Problem to solve
Search the data for the word "forall" and copy every line that contains it.
◇ ◇ ◇
(* Let $r\ge2$ and $\Lambda=\Phi^+_{A_{r+1}}\setminus\{\varepsilon_{r+1}-\varepsilon_{r+2}\}$. Then \[K_\Lambda(\varepsilon_1+\varepsilon_2-\varepsilon_{r+1}-\varepsilon_{r+2})=\mathsf{js}(\langle1,1\rangle,\langle1,1\rangle,r).\]
   Context: $\Phi^+_{A_{r+1}}=\{\varepsilon_i-\varepsilon_j:1\le i<j\le r+2\}\subset\mathbb{R}^{r+2}$; for $\Lambda\subseteq\Phi^+_{A_{r+1}}$, $K_\Lambda(\mu)$ is the number of finite multisets of elements of $\Lambda$ summing to $\mu$. A juggling state is a finitely supported integer vector $\langle s_1,s_2,\dots\rangle$ indexed by heights (trailing zeros omitted). A juggling sequence of length $n$ from $\mathbf{a}$ to $\mathbf{b}$ is a sequence $(\mathbf{s}_0,\dots,\mathbf{s}_n)$ with $\mathbf{s}_0=\mathbf{a}$, $\mathbf{s}_n=\mathbf{b}$ such that for each $i$ there are nonnegative integers $c^{(i)}_k$ (finitely many nonzero) with $\sum_k c^{(i)}_k=(\mathbf{s}_{i-1})_1$ and $(\mathbf{s}_i)_k=(\mathbf{s}_{i-1})_{k+1}+c^{(i)}_k$ for all $k\ge1$; $\mathsf{js}(\mathbf{a},\mathbf{b},n)$ is the number of such sequences. *)

theory Defs
  imports Complex_Main "HOL-Library.Multiset"
begin

text \<open>Vectors of R^(r+2) are represented as functions nat => real, coordinate i
  (1 <= i <= r+2) being the value at i; all other values are 0.\<close>

definition eps :: "nat \<Rightarrow> nat \<Rightarrow> real" where
  "eps i = (\<lambda>k. if k = i then 1 else 0)"

definition posroots_A :: "nat \<Rightarrow> (nat \<Rightarrow> real) set" where
  "posroots_A m = {(\<lambda>k. eps i k - eps j k) | i j. 1 \<le> i \<and> i < j \<and> j \<le> m + 1}"

definition vsum_mset :: "(nat \<Rightarrow> real) multiset \<Rightarrow> nat \<Rightarrow> real" where
  "vsum_mset M = (\<lambda>k. \<Sum>v\<in>#M. v k)"

definition kostant :: "(nat \<Rightarrow> real) set \<Rightarrow> (nat \<Rightarrow> real) \<Rightarrow> nat" where
  "kostant L \<mu> = card {M. set_mset M \<subseteq> L \<and> vsum_mset M = \<mu>}"

text \<open>Juggling states: finitely supported integer vectors; we index 0-based,
  so s 0 is the entry at height 1, s k the entry at height k+1.\<close>
definition jstate :: "(nat \<Rightarrow> int) \<Rightarrow> bool" where
  "jstate s \<longleftrightarrow> finite {k. s k \<noteq> 0}"

definition jstep :: "(nat \<Rightarrow> int) \<Rightarrow> (nat \<Rightarrow> int) \<Rightarrow> bool" where
  "jstep s t \<longleftrightarrow> (\<exists>c :: nat \<Rightarrow> nat. finite {k. c k \<noteq> 0} \<and>
      int (sum c {k. c k \<noteq> 0}) = s 0 \<and> (\<forall>k. t k = s (Suc k) + int (c k)))"

definition js :: "(nat \<Rightarrow> int) \<Rightarrow> (nat \<Rightarrow> int) \<Rightarrow> nat \<Rightarrow> nat" where
  "js a b n = card {ss. length ss = Suc n \<and> (\<forall>s\<in>set ss. jstate s) \<and>
      ss ! 0 = a \<and> ss ! n = b \<and> (\<forall>i<n. jstep (ss ! i) (ss ! Suc i))}"

definition state11 :: "nat \<Rightarrow> int" where
  "state11 = (\<lambda>k. if k < 2 then 1 else 0)"

end

theory Submission
  imports Defs
begin

text \<open>
  A multiset of roots \<open>\<epsilon>\<^sub>i - \<epsilon>\<^sub>j\<close> is a flow on the edges \<open>i \<rightarrow> j\<close> of the complete acyclic graph
  on \<open>1, \<dots>, r + 2\<close>, and it sums to \<open>\<epsilon>\<^sub>1 + \<epsilon>\<^sub>2 - \<epsilon>\<^sub>r\<^sub>+\<^sub>1 - \<epsilon>\<^sub>r\<^sub>+\<^sub>2\<close> iff the net
  outflow is 1 at vertices 1 and 2, 0 at \<open>3, \<dots>, r\<close> and \<open>-1\<close> at \<open>r + 1\<close> and \<open>r + 2\<close>.
  Read vertex \<open>t\<close> as time \<open>t\<close> and an edge \<open>i \<rightarrow> j\<close> as a ball thrown at time \<open>i\<close> that lands at
  time \<open>j\<close>. The state after time \<open>t\<close> lists, by height, the balls still in the air; conservation
  at vertex \<open>t + 1\<close> says that as many balls are thrown at time \<open>t + 1\<close> as land then, i.e. that
  consecutive states form a juggling step. As the removed root \<open>\<epsilon>\<^sub>r\<^sub>+\<^sub>1 - \<epsilon>\<^sub>r\<^sub>+\<^sub>2\<close> is the only one
  with \<open>i > r\<close>, nothing is thrown after time \<open>r\<close>, and the state after time \<open>r\<close> is \<open>\<langle>1,1\<rangle>\<close> exactly
  when one ball lands at each of the times \<open>r + 1\<close>, \<open>r + 2\<close>. Conversely the throws are the
  differences of consecutive states.
\<close>

definition pos_root :: "nat \<Rightarrow> nat \<Rightarrow> nat \<Rightarrow> real" where
  "pos_root i j = (\<lambda>k. eps i k - eps j k)"

lemma pos_root_inj:
  assumes "i < j" "i' < j'" "pos_root i j = pos_root i' j'"
  shows "i = i' \<and> j = j'"
proof -
  have "pos_root i j i = 1" "pos_root i j j = -1"
    using assms(1) by (simp_all add: pos_root_def eps_def)
  then have "pos_root i' j' i = 1" "pos_root i' j' j = -1"
    by (simp_all add: assms(3))
  then show ?thesis by (auto simp: pos_root_def eps_def split: if_splits)
qed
◇ ◇ ◇
Response
      int (sum c {k. c k \<noteq> 0}) = s 0 \<and> (\<forall>k. t k = s (Suc k) + int (c k)))"
  "js a b n = card {ss. length ss = Suc n \<and> (\<forall>s\<in>set ss. jstate s) \<and>
      ss ! 0 = a \<and> ss ! n = b \<and> (\<forall>i<n. jstep (ss ! i) (ss ! Suc i))}"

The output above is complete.